L’introduction (et ré-invention) des percussions dans la musique de bal auvergnate ne résulte pas d’une simple « mode ». Elle s’inscrit dans un mouvement plus vaste de réappropriation des traditions, soucieux de dialogue entre passé et présent :

  • Au XIXe siècle, la danse en Auvergne s’accompagne souvent du simple « battement de pied ». Les percussions instrumentales étaient rares, parfois même mal acceptées dans certains milieux jugés plus « puristes » (source : Jean-Michel Guilcher, « La Tradition populaire de danse en Auvergne »).
  • Années 1970-1980 : Le renouveau folk favorise l’expérimentation, avec l’apparition du tambourin, puis d’instruments plus exotiques, dans une volonté de relier l’Auvergne à un folk international.
  • Années 2000 et suivantes : L’arrivée de nouveaux instruments, la pratique polyrythmique, et l’intégration de percussions électroniques (pads, sampling) dans certains groupes jeunes (exemple : La Bande à Francky, groupe de Clermont-Ferrand, Lauréat du Trophée des Musiques Actuelles d’Auvergne 2018).

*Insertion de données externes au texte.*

text \<open>First-order condition for a maximiser \<open>v\<close> of the Rayleigh quotient: the residual
  \<open>w = M v - c v\<close> is orthogonal to \<open>v\<close>, and moving from \<open>v\<close> towards \<open>w\<close> by a
  small step \<open>t\<close> raises the quotient by \<open>2 t |w|\<^sup>2 + O(t\<^sup>2)\<close>.\<close>
lemma rayleigh_maximizer_eigenvector:
  fixes M :: "real^'n^'n"
  assumes sym: "symmetric_matrix M" and V: "subspace V" and inv: "\<And>x. x \<in> V \<Longrightarrow> M *v x \<in> V"
    and v: "v \<in> V" "v \<bullet> v = 1"
    and max: "\<And>y. y \<in> V \<Longrightarrow> y \<bullet> (M *v y) \<le> (v \<bullet> (M *v v)) * (y \<bullet> y)"
  shows "M *v v = (v \<bullet> (M *v v)) *\<^sub>R v"
proof (rule ccontr)
  define c where "c = v \<bullet> (M *v v)"
  define w where "w = M *v v - c *\<^sub>R v"
  assume "M *v v \<noteq> (v \<bullet> (M *v v)) *\<^sub>R v"
  then have W: "w \<bullet> w > 0" by (simp add: w_def c_def)
  define K where "K = c * (w \<bullet> w) - w \<bullet> (M *v w)"
  define t where "t = (w \<bullet> w) / (\<bar>K\<bar> + 1)"
  have t: "t > 0" using W by (simp add: t_def)
  have wv: "w \<bullet> v = 0"
    using v(2) by (simp add: w_def c_def inner_diff_left inner_diff_right inner_commute)
  have wMv: "w \<bullet> (M *v v) = w \<bullet> w"
    using wv by (simp add: w_def inner_diff_right inner_diff_left)
  have vMw: "v \<bullet> (M *v w) = w \<bullet> w"
    using symmetric_matrix_inner[OF sym, of v w] wMv by (simp add: inner_commute)
  define y where "y = v + t *\<^sub>R w"
  have "y \<in> V" using v inv V by (simp add: y_def w_def subspace_add subspace_mul subspace_diff)
  then have "y \<bullet> (M *v y) \<le> c * (y \<bullet> y)" using max by (simp add: c_def)
  moreover have "y \<bullet> (M *v y) = c + 2 * t * (w \<bullet> w) + t\<^sup>2 * (w \<bullet> (M *v w))"
    using wMv vMw by (simp add: y_def c_def matrix_vector_right_distrib matrix_vector_mult_scaleR
        inner_add_left inner_add_right power2_eq_square algebra_simps)
  moreover have "y \<bullet> y = 1 + t\<^sup>2 * (w \<bullet> w)"
    using v(2) wv by (simp add: y_def inner_add_left inner_add_right inner_commute power2_eq_square)
  ultimately have "t * (2 * (w \<bullet> w)) \<le> t * (t * K)"
    by (simp add: K_def power2_eq_square algebra_simps)
  then have "2 * (w \<bullet> w) \<le> t * K" using t by simp
  also have "t * K < w \<bullet> w"
  proof -
    have "t * K \<le> t * \<bar>K\<bar>" using t by (intro mult_left_mono) auto
    also have "\<dots> = (w \<bullet> w) * (\<bar>K\<bar> / (\<bar>K\<bar> + 1))" by (simp add: t_def)
    also have "\<dots> < (w \<bullet> w) * 1" using W by (intro mult_strict_left_mono) auto
    finally show ?thesis by simp
  qed
  finally show False using W by simp
qed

Ce dialogue s’observe aussi du côté des danseurs : la « body percussion » (percussions corporelles, mains, poitrine, cuisses) connaît aujourd’hui un renouveau, y compris chez les enfants des écoles rurales, grâce à des intervenants comme Manu Maugain ou Carole Perdreau (source : dossiers FAMDT, Fédération des Associations de Musiques et Danses Traditionnelles, 2022).

Des histoires de bal : témoignages, usages et réinventions

Au détour d’un bal, les anecdotes abondent. Nombreux sont les danseurs qui se souviennent d’un « déclic » rythmique, grâce à une percussion bien placée :

  • En 2017, lors d’un bal à Besse-en-Chandesse, une coupure de courant oblige les musiciens à improviser une bourrée uniquement au cajón et au chant : résultat, une trentaine de danseurs se mettent à marquer collectivement le rythme, créant une « polyphonie corporelle » spontanée (source : témoignages collectés par le Cercle Occitan du Puy-de-Dôme).
  • Certains groupes, comme La Bourrée (Cantal), distribuent aux enfants des grelots et tambourins pour initier le public à l’accompagnement, faisant de la percussion un « patrimoine partagé ».

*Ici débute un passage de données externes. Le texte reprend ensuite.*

lemma distinct_cols_if_full_col_rank:
  fixes M :: "'a::ring_1 mat"
  assumes M: "M \<in> carrier_mat m p" and fcr: "full_col_rank M"
  shows "distinct (cols M)"
proof (rule ccontr)
  assume "\<not> distinct (cols M)"
  then obtain i j where ij: "i \<noteq> j" "i < p" "j < p" "col M i = col M j"
    using M by (auto simp: distinct_conv_nth)
  define v :: "'a vec" where "v = unit_vec p i - unit_vec p j"
  have "M *\<^sub>v v = 0\<^sub>v m"
    using M ij by (simp add: v_def mult_minus_distrib_mat_vec mult_mat_vec_unit_vec)
  then have "v = 0\<^sub>v p"
    using full_col_rankD[OF fcr M] by (simp add: v_def)
  moreover have "v $ i = 1" using ij by (simp add: v_def)
  ultimately show False using ij by simp
qed

context vec_space
begin

lemma lin_indpt_cols_if_full_col_rank:
  assumes M: "M \<in> carrier_mat n p" and fcr: "full_col_rank M"
  shows "lin_indpt (set (cols M))"
proof
  assume "lin_dep (set (cols M))"
  from lin_depE[OF M this distinct_cols_if_full_col_rank[OF M fcr]]
  obtain v where "v \<in> carrier_vec p" "v \<noteq> 0\<^sub>v p" "M *\<^sub>v v = 0\<^sub>v n" .
  with full_col_rankD[OF fcr M] show False by blast
qed

lemma col_in_range_if_rank_le:
  assumes A: "A \<in> carrier_mat n nc" and M: "M \<in> carrier_mat n p" and fcr: "full_col_rank M"
    and cols: "set (cols M) \<subseteq> set (cols A)" and rank: "rank A \<le> p"
    and l: "l < nc"
  obtains x where "x \<in> carrier_vec p" "col A l = M *\<^sub>v x"
proof -
  let ?U = "set (cols M)"
  have U: "?U \<subseteq> carrier_vec n" using M cols_dim by blast
  have indpt: "lin_indpt ?U" using lin_indpt_cols_if_full_col_rank[OF M fcr] .
  have a: "col A l \<in> set (cols A)" "col A l \<in> carrier_vec n"
    using A l by (auto simp: cols_def)
  have "col A l \<in> span ?U"
  proof (rule ccontr)
    assume out: "col A l \<notin> span ?U"
    then have new: "col A l \<notin> ?U" using in_own_span[OF U] by blast
    with out have "lin_indpt (?U \<union> {col A l})"
      using lin_dep_iff_in_span[OF U indpt a(2)] by blast
    then have "card (?U \<union> {col A l}) \<le> p"
      using rank_ge_card_indpt[OF A, of "?U \<union> {col A l}"] cols a(1) rank by auto
    moreover have "card ?U = p"
      using distinct_card[OF distinct_cols_if_full_col_rank[OF M fcr]] M by simp
    ultimately show False using new by simp
  qed
  then show ?thesis using that col_space_eq[OF M] M unfolding col_space_def by auto
qed

end

lemma full_col_rank_if_left_invertible_rows:
  fixes M :: "'a::comm_ring_1 mat"
  assumes M: "M \<in> carrier_mat m p" and S: "set S \<subseteq> {0..<m}"
    and Bi: "Bi \<in> carrier_mat p (length S)" "Bi * rows_sub M S = 1\<^sub>m p"
  shows "full_col_rank M"
  unfolding full_col_rank_def
proof (intro ballI impI)
  fix v assume v: "v \<in> carrier_vec (dim_col M)" and Mv: "M *\<^sub>v v = 0\<^sub>v (dim_row M)"
  have R: "rows_sub M S \<in> carrier_mat (length S) p" using M by simp
  have Rv: "rows_sub M S *\<^sub>v v = 0\<^sub>v (length S)"
  proof (rule eq_vecI)
    fix i assume "i < dim_vec (0\<^sub>v (length S) :: 'a vec)"
    then have i: "i < length S" "S ! i < m" using nth_in_range[OF S] by auto
    have "row (rows_sub M S) i = row M (S ! i)"
      using M i by (intro eq_vecI) (auto simp: rows_sub_def)
    then have "(rows_sub M S *\<^sub>v v) $ i = (M *\<^sub>v v) $ (S ! i)"
      using M i by (simp add: rows_sub_def)
    then show "(rows_sub M S *\<^sub>v v) $ i = 0\<^sub>v (length S) $ i" using Mv M i by simp
  qed (simp add: rows_sub_def)
  have "v = (Bi * rows_sub M S) *\<^sub>v v" using Bi(2) v M by simp
  also have "\<dots> = Bi *\<^sub>v (rows_sub M S *\<^sub>v v)" using assoc_mult_mat_vec[OF Bi(1) R] v M by simp
  also have "\<dots> = 0\<^sub>v p" unfolding Rv using Bi(1) by (intro eq_vecI) (auto simp: scalar_prod_def)
  finally show "v = 0\<^sub>v (dim_col M)" using M by simp
qed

Cette transmission s’opère aussi lors des stages de danse, où l’apprentissage passe par le ressenti : « Vous sentez dans vos talons le battement du plancher ? C’est là que la musique commence », rappelle un animateur lors d’un atelier du Festival de Saint-Gervais-d’Auvergne (source : programme 2023).

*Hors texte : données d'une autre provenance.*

lemma E_term_le_small_m:
  fixes B al be A :: real and d m :: nat
  defines "t \<equiv> real (totient d) / 4" and "M \<equiv> max (B^2) 1"
  assumes "B > 0" "d \<ge> 3" "m \<ge> 2" "d \<le> totient m" "real m \<le> real d ^ 4"
    and "al * real (totient d) \<le> A" "\<bar>be\<bar> \<le> 1 / 4" "A \<ge> 0" "4 * M^2 \<le> ln (real d)"
  shows "E_term B al be d m \<le> real d powr (8 * log 2 (real d + 1) + 2 * A) / 2 powr t"
proof -
  define x y L where "x = real d" and "y = real m" and "L = ln (real m)"
  define e where "e = 2 * log 2 (x + 1) + A / 2"
  have "x \<ge> 3" using assms(4) by (simp add: x_def)
  have "totient m < m" using assms(5) by (intro totient_less) simp
  then have "x \<le> real (totient m)" "real (totient m) < y"
    using assms(6) by (auto simp: x_def y_def)
  then have "ln x \<le> L" using \<open>x \<ge> 3\<close> by (simp add: L_def y_def)
  then have "4 * M^2 \<le> L" using assms(11) by (simp add: x_def)
  moreover have "1 \<le> M^2" by (simp add: M_def)
  ultimately have "L \<ge> 1" by linarith
  have "x / real (totient m) \<le> 1"
    using \<open>x \<le> real (totient m)\<close> \<open>x \<ge> 3\<close> by (auto simp: divide_le_eq_1)
  then have "B^2 * (x / real (totient m)) \<le> B^2 * 1" by (intro mult_left_mono) auto
  then have factor: "(B^2 * x / real (totient m)) powr t / L powr (t / 2) \<le> 1 / 2 powr t"
    using \<open>4 * M^2 \<le> L\<close> \<open>x \<ge> 3\<close>
    by (intro powr_div_powr_half_le_inverse_two_powr) (auto simp: M_def t_def)
  have "y powr e \<le> (x ^ 4) powr e"
    using assms(7,10) \<open>x \<ge> 3\<close> by (intro powr_mono2) (auto simp: e_def x_def y_def)
  also have "\<dots> = x powr (4 * e)"
  proof -
    have "x ^ 4 = x powr 4" using \<open>x \<ge> 3\<close> by simp
    then show ?thesis by (simp only: powr_powr)
  qed
  also have "4 * e = 8 * log 2 (x + 1) + 2 * A" by (simp add: e_def)
  finally have y_powr: "y powr e \<le> x powr (8 * log 2 (x + 1) + 2 * A)" .
  have "E_term B al be d m \<le> y powr e * ((B^2 * x / real (totient m)) powr t / L powr (t / 2))"
    using E_term_le_large_d_shape[OF assms(3) _ assms(5,8,9) \<open>L \<ge> 1\<close>[unfolded L_def]] assms(4)
    by (simp add: x_def y_def L_def e_def t_def)
  also have "\<dots> \<le> x powr (8 * log 2 (x + 1) + 2 * A) * (1 / 2 powr t)"
    using y_powr factor by (intro mult_mono) auto
  finally show ?thesis by (simp add: x_def)
qed

lemma E_term_le_large_m:
  fixes B al be A Cp :: real and d m :: nat
  defines "t \<equiv> real (totient d) / 4" and "M \<equiv> max (B^2) 1"
  assumes "B > 0" "d \<ge> 3" "real d ^ 4 < real m"
    and "al * real (totient d) \<le> A" "\<bar>be\<bar> \<le> 1 / 4"
    and "sqrt (real m) \<le> Cp * real (totient m)" "Cp > 0" "M * Cp \<le> sqrt (real d)"
  shows "E_term B al be d m \<le> real m powr (2 * log 2 (real d + 1) + A / 2 - t / 8)"
proof -
  define x y L where "x = real d" and "y = real m" and "L = ln (real m)"
  define e where "e = 2 * log 2 (x + 1) + A / 2"
  have "x \<ge> 3" using assms(4) by (simp add: x_def)
  have "(3::real) ^ 4 \<le> x ^ 4" using \<open>x \<ge> 3\<close> by (intro power_mono) auto
  then have "81 \<le> x ^ 4" by simp
  then have "y > 81" using assms(5) unfolding x_def y_def by linarith
  then have "m \<ge> 2" by (simp add: y_def)
  have "ln 3 \<le> L" using \<open>y > 81\<close> by (simp add: L_def y_def)
  then have "L \<ge> 1" using ln3_gt_1 by linarith
  have x_le: "x \<le> y powr (1 / 4)"
  proof -
    have "x ^ 4 = x powr 4" using \<open>x \<ge> 3\<close> by simp
    then have "(x ^ 4) powr (1 / 4) = x powr (4 * (1 / 4))" by (simp only: powr_powr)
    then have "x = (x ^ 4) powr (1 / 4)" using \<open>x \<ge> 3\<close> by simp
    also have "\<dots> \<le> y powr (1 / 4)" using assms(5) by (intro powr_mono2) (auto simp: x_def y_def)
    finally show ?thesis .
  qed
  have "t \<ge> 0" by (simp add: t_def)
  have "(B^2 * x / real (totient m)) powr t / L powr (t / 2) \<le> (B^2 * x / real (totient m)) powr t"
    using \<open>L \<ge> 1\<close> \<open>t \<ge> 0\<close> by (simp add: divide_le_eq ge_one_powr_ge_zero mult_le_cancel_left1)
  also have "\<dots> \<le> y powr (- t / 8)"
    using \<open>x \<ge> 3\<close> \<open>y > 81\<close> x_le assms(8-10) \<open>t \<ge> 0\<close>
    by (intro powr_div_le_powr_neg_eighth[where M = M]) (auto simp: M_def x_def y_def)
  finally have "y powr e * ((B^2 * x / real (totient m)) powr t / L powr (t / 2)) \<le> y powr e * y powr (- t / 8)"
    by (rule mult_left_mono) simp
  moreover have "E_term B al be d m \<le> y powr e * ((B^2 * x / real (totient m)) powr t / L powr (t / 2))"
    using E_term_le_large_d_shape[OF assms(3) _ \<open>m \<ge> 2\<close> assms(6,7) \<open>L \<ge> 1\<close>[unfolded L_def]] assms(4)
    by (simp add: x_def y_def L_def e_def t_def)
  ultimately show ?thesis by (simp add: x_def y_def e_def powr_add[symmetric])
qed

lemma two_powr_decay_le_inverse_squares:
  fixes x y e t t0 :: real
  assumes "x \<ge> 3" "0 < y" "y \<le> x ^ 4" "t0 \<le> t" "(e + 10) * ln x \<le> ln 2 * t0"
  shows "x powr e / 2 powr t \<le> inverse (y ^ 2) * inverse (x ^ 2)"
proof -
  have "x powr e / 2 powr t \<le> x powr e / 2 powr t0"
    using assms(4) by (intro divide_left_mono) auto
  also have "\<dots> = exp (e * ln x - t0 * ln 2)"
    using assms(1) by (simp add: powr_def exp_diff)
  also have "\<dots> \<le> exp (- 10 * ln x)"
    using assms(5) by (simp add: algebra_simps)
  also have "\<dots> = inverse (exp (ln (x ^ 10)))"
    using assms(1) by (simp add: ln_realpow exp_minus)
  also have "\<dots> = inverse (x ^ 10)"
    using assms(1) by simp
  also have "\<dots> \<le> inverse (y ^ 2 * x ^ 2)"
  proof (rule le_imp_inverse_le)
    have "y ^ 2 \<le> (x ^ 4) ^ 2" using assms(2,3) by (intro power_mono) auto
    then have "y ^ 2 * x ^ 2 \<le> (x ^ 4) ^ 2 * x ^ 2" by (intro mult_right_mono) auto
    then show "y ^ 2 * x ^ 2 \<le> x ^ 10" by (simp flip: power_mult power_add)
  qed (use assms(1,2) in simp)
  finally show ?thesis by (simp add: inverse_mult_distrib)
qed

lemma powr_decay_le_inverse_squares:
  fixes x y e :: real
  assumes "x \<ge> 1" "x ^ 4 < y" "e \<le> - 5 / 2"
  shows "y powr e \<le> inverse (y ^ 2) * inverse (x ^ 2)"
proof -
  have "1 \<le> x ^ 4" using assms(1) by simp
  then have "y > 1" using assms(2) by linarith
  have "x ^ 2 \<le> y powr (1 / 2)"
  proof -
    have "x ^ 4 = x powr 4" using assms(1) by simp
    then have "(x ^ 4) powr (1 / 2) = x powr (4 * (1 / 2))" by (simp only: powr_powr)
    then have "x ^ 2 = (x ^ 4) powr (1 / 2)" using assms(1) by simp
    also have "\<dots> \<le> y powr (1 / 2)" using assms(1,2) by (intro powr_mono2) auto
    finally show ?thesis .
  qed
  have "y powr e \<le> y powr (- (5 / 2))" using assms(3) \<open>y > 1\<close> by (intro powr_mono) auto
  also have "\<dots> = inverse (y powr (2 + 1 / 2))" by (simp add: powr_minus)
  also have "\<dots> = inverse (y ^ 2 * y powr (1 / 2))"
    using \<open>y > 1\<close> by (simp only: powr_add) simp
  also have "\<dots> \<le> inverse (y ^ 2 * x ^ 2)"
    using \<open>x ^ 2 \<le> _\<close> assms(1) \<open>y > 1\<close> by (intro le_imp_inverse_le mult_left_mono) auto
  finally show ?thesis by (simp add: inverse_mult_distrib)
qed

text \<open>The numerical hypotheses on \<open>d\<close> hold for all large \<open>d\<close>, as they compare
  powers of \<open>log d\<close> with \<open>sqrt d\<close>; together with \<open>sqrt d \<le> Cp * totient d\<close> they make
  \<open>2 powr (- totient d / 4)\<close> and \<open>m powr (- totient d / 32)\<close> beat \<open>F d m\<close>.\<close>

lemma E_term_le_inverse_squares:
  fixes B A Cp al be :: real and d m :: nat
  defines "M \<equiv> max (B^2) 1"
  assumes "B > 0" "A \<ge> 0" "Cp > 0" "\<And>m. m > 0 \<Longrightarrow> sqrt (real m) \<le> Cp * real (totient m)"
    and d: "3 \<le> real d" "4 * M^2 \<le> ln (real d)"
      "(8 * log 2 (real d + 1) + 2 * A + 10) * ln (real d) \<le> ln 2 * (sqrt (real d) / (4 * Cp))"
      "2 * log 2 (real d + 1) + A / 2 + 5 / 2 \<le> sqrt (real d) / (32 * Cp)" "M * Cp \<le> sqrt (real d)"
    and "al * real (totient d) \<le> A" "\<bar>be\<bar> \<le> 1 / 4" "m \<ge> 2"
  shows "E_term B al be d m \<le> inverse (real m ^ 2) * inverse (real d ^ 2)"
proof (cases "F d m = 0")
  case True
  then show ?thesis by (simp add: E_term_def)
next
  case False
  define t where "t = real (totient d) / 4"
  have "d \<ge> 3" using d(1) by simp
  have t: "sqrt (real d) / (4 * Cp) \<le> t"
    using assms(4,5) \<open>d \<ge> 3\<close> by (simp add: t_def field_simps)
  have "d \<le> totient m" using False by (intro F_pos_imp_le_totient) simp
  show ?thesis
  proof (cases "real m \<le> real d ^ 4")
    case True
    have "E_term B al be d m \<le> real d powr (8 * log 2 (real d + 1) + 2 * A) / 2 powr t"
      using E_term_le_small_m[OF assms(2) \<open>d \<ge> 3\<close> assms(13) \<open>d \<le> totient m\<close> True assms(11,12,3)] d(2)
      unfolding M_def t_def by blast
    also have "\<dots> \<le> inverse (real m ^ 2) * inverse (real d ^ 2)"
      using d(1) _ True t d(3) by (rule two_powr_decay_le_inverse_squares) (use assms(13) in simp)
    finally show ?thesis .
  next
    case False
    have "E_term B al be d m \<le> real m powr (2 * log 2 (real d + 1) + A / 2 - t / 8)"
      using E_term_le_large_m[OF assms(2) \<open>d \<ge> 3\<close> _ assms(11,12) assms(5,4)] False d(5)
      unfolding M_def t_def by simp
    also have "\<dots> \<le> inverse (real m ^ 2) * inverse (real d ^ 2)"
    proof (rule powr_decay_le_inverse_squares)
      have "sqrt (real d) / (32 * Cp) = sqrt (real d) / (4 * Cp) / 8" by simp
      then show "2 * log 2 (real d + 1) + A / 2 - t / 8 \<le> - 5 / 2" using d(4) t by linarith
    qed (use d(1) False in auto)
    finally show ?thesis .
  qed
qed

Un avenir ouvert : les percussions, terrain de création

Loin d’être une « greffe » artificielle, l’art des percussions dans les bals auvergnats dialogue en permanence avec l’histoire, l’innovation et la convivialité. Des percussions corporelles aux pads électroniques, la quête est toujours la même : porter les danseurs, faire vibrer la salle, relier les battements du cœur à ceux de la musique.

  • La diversité croissante des instruments (cajón, hang, percussions faites main, électronique) ouvre de nouveaux horizons à la création musicale régionale.
  • Les bals deviennent des laboratoires vivants, où la tradition se réinvente chaque soir, sous l’impulsion du public, dans une écoute mutuelle.
  • À chaque pulsation, l’Auvergne bat, résonne, se transforme, et c’est tout un territoire qui danse ensemble, à l’appel de la percussion.

Dans ce continuum, chaque percussionniste, chaque danseur, chaque bal est une histoire en train de s’écrire, où résonnent les échos d’hier et les promesses de demain.